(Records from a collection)
- - - - - - -

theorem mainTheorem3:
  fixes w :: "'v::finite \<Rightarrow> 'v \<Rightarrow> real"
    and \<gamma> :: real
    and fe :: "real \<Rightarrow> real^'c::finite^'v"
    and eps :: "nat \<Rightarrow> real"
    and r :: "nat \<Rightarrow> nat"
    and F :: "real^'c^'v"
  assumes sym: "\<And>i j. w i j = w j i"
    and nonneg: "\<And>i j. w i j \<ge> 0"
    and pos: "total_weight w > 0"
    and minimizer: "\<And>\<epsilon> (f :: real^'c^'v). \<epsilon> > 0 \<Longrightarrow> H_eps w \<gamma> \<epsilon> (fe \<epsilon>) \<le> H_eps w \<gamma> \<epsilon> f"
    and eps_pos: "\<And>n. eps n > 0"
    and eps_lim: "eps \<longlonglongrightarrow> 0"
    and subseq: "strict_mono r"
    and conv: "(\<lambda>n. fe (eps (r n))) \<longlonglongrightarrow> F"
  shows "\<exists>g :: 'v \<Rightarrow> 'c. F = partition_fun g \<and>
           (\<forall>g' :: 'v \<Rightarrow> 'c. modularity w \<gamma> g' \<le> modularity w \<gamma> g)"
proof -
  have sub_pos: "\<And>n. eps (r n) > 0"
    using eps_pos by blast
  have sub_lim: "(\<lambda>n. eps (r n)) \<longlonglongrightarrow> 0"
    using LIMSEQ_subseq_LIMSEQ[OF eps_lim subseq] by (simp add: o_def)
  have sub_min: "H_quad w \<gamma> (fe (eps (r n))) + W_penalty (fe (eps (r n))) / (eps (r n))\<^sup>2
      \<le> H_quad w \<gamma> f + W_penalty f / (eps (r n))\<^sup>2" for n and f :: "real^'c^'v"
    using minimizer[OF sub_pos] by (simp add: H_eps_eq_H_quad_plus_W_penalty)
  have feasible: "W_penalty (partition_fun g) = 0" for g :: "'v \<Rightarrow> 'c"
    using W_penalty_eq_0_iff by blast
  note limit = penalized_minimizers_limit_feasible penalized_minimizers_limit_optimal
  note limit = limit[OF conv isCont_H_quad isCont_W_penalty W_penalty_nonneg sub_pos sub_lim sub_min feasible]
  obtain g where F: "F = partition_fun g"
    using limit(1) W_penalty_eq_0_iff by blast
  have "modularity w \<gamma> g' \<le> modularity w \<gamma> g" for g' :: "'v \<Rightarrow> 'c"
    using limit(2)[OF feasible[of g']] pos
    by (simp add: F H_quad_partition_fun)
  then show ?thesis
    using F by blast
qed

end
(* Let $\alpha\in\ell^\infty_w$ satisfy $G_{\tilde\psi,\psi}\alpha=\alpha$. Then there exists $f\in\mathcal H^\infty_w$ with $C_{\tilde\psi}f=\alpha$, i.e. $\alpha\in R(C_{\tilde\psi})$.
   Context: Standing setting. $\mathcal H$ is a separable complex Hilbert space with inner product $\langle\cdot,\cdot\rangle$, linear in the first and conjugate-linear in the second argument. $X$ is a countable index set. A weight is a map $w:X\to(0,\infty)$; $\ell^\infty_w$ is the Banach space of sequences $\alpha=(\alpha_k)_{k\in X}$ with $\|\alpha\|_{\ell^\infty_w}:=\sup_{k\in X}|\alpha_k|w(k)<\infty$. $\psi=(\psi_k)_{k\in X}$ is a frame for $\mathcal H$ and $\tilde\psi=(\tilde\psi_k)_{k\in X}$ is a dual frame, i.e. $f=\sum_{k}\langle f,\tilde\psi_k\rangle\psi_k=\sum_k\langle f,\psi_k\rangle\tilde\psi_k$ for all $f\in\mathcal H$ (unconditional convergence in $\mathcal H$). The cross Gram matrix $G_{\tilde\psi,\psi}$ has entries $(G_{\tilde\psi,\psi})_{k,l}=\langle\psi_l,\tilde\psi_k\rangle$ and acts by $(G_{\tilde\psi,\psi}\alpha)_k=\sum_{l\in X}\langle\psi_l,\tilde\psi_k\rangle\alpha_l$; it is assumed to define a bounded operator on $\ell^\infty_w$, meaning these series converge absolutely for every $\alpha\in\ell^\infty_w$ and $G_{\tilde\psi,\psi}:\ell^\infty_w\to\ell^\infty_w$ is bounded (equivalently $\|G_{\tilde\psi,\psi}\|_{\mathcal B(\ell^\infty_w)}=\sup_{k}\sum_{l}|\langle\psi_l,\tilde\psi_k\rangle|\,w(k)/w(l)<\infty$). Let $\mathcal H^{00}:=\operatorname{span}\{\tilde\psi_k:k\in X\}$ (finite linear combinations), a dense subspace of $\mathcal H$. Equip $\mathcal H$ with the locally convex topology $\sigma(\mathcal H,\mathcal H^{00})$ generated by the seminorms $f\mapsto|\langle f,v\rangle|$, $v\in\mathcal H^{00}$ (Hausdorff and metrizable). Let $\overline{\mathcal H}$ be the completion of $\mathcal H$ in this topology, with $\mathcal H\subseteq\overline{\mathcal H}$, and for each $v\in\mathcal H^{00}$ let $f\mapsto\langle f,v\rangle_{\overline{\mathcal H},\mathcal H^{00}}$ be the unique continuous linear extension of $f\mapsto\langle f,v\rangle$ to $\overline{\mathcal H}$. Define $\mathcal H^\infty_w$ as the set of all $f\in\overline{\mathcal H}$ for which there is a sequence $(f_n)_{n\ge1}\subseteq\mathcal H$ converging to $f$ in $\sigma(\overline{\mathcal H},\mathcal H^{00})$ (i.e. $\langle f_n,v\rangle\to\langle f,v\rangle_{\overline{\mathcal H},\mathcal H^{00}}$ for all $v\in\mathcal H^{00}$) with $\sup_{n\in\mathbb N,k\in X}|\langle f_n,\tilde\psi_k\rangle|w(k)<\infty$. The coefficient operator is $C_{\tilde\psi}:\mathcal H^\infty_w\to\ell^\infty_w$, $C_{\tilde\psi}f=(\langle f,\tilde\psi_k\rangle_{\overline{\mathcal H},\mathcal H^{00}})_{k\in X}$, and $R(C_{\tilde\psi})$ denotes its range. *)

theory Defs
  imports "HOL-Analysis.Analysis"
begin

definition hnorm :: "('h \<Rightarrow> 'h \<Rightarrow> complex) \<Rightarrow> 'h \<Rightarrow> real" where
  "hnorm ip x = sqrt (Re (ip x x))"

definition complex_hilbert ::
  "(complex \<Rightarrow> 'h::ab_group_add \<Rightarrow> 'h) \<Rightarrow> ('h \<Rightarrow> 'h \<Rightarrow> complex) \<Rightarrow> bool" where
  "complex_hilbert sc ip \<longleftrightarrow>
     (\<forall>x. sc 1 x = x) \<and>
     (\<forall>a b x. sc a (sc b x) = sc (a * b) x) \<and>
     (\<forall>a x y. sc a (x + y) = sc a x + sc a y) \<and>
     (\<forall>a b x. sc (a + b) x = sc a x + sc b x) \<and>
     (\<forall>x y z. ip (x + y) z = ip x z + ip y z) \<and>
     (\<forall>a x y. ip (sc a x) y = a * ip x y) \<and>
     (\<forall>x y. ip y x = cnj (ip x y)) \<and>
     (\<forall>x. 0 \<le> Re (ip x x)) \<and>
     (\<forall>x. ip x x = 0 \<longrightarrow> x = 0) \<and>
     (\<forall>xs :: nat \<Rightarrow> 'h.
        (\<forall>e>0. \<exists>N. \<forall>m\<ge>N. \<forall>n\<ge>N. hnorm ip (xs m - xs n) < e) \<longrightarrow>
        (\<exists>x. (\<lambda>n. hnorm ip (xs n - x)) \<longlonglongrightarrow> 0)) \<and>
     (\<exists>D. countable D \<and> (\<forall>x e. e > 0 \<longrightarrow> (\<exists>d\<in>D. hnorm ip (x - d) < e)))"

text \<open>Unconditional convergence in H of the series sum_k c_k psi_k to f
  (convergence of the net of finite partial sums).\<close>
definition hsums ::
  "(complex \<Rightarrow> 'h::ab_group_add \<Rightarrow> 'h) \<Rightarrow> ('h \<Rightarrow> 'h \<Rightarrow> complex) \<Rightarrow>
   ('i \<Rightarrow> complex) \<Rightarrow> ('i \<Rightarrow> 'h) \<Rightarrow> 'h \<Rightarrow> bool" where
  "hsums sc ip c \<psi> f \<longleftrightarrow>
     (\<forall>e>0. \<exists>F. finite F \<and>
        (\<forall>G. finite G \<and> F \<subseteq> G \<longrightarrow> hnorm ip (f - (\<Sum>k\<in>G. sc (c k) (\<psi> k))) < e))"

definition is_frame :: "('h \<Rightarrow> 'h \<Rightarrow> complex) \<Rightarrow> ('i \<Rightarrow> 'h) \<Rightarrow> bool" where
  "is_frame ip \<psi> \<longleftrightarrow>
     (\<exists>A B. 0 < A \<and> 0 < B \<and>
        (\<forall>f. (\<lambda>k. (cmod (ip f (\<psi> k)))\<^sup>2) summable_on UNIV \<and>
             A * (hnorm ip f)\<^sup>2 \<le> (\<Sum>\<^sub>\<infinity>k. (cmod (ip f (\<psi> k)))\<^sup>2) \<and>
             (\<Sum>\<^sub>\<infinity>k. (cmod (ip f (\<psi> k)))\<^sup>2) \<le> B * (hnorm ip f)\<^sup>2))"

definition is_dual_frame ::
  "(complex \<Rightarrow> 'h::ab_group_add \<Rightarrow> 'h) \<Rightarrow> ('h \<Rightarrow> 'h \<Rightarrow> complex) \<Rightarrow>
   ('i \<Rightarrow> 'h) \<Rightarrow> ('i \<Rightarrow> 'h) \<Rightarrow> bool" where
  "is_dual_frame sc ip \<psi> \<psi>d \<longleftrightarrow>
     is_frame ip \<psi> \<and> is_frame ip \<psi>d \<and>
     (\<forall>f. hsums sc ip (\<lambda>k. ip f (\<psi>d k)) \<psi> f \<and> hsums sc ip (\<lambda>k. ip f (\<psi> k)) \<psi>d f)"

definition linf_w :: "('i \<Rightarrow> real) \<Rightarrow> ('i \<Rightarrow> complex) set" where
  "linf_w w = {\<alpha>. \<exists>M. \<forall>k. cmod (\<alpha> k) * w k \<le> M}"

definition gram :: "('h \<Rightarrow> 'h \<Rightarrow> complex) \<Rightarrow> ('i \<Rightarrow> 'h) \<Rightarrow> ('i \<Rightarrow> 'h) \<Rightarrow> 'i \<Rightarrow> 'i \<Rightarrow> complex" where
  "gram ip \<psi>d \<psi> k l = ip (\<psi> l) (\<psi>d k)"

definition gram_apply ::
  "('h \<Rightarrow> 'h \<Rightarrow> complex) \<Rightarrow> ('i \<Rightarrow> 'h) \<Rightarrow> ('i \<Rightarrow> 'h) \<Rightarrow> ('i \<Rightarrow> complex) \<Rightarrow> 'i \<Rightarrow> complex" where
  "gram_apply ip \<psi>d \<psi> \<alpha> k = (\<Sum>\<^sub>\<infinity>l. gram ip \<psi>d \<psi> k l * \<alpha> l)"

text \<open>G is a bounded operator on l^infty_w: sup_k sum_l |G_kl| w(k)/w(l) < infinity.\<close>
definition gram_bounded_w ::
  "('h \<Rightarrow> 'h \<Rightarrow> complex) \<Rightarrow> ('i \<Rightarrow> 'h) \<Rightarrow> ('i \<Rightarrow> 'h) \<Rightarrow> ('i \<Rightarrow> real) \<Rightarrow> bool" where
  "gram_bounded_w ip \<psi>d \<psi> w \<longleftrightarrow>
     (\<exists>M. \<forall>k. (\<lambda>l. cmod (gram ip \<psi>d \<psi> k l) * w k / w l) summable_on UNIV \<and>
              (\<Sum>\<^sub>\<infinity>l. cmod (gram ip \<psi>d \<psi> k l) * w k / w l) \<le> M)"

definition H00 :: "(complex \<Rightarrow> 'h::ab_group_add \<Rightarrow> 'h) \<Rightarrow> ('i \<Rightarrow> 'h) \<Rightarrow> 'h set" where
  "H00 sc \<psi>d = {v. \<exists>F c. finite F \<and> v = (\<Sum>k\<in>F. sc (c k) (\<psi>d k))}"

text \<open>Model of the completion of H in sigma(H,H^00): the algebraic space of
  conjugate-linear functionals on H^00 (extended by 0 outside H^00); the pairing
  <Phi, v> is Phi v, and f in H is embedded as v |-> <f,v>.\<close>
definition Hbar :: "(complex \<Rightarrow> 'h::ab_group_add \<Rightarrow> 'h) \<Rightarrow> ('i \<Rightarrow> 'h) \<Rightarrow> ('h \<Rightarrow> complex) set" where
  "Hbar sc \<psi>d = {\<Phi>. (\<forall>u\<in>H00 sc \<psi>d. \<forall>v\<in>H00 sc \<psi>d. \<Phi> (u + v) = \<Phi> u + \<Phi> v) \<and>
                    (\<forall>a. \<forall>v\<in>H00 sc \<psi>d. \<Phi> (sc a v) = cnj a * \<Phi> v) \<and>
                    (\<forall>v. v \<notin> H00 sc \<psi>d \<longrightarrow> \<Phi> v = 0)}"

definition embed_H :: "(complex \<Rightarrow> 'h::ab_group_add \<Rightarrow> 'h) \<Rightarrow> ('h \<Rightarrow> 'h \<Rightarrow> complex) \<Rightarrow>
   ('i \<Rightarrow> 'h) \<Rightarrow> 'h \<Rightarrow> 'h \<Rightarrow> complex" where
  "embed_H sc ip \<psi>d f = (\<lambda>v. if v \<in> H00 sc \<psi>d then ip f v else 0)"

- - - - - - -

• [BRIEF] Copy exactly the stretch of data above from the line with "using F by blast" through the line with "(* Let $\alpha\in\ell^\infty_w$", and omit all other lines.

• [RESPONSE]
    using F by blast
qed

end
(* Let $\alpha\in\ell^\infty_w$ satisfy $G_{\tilde\psi,\psi}\alpha=\alpha$. Then there exists $f\in\mathcal H^\infty_w$ with $C_{\tilde\psi}f=\alpha$, i.e. $\alpha\in R(C_{\tilde\psi})$.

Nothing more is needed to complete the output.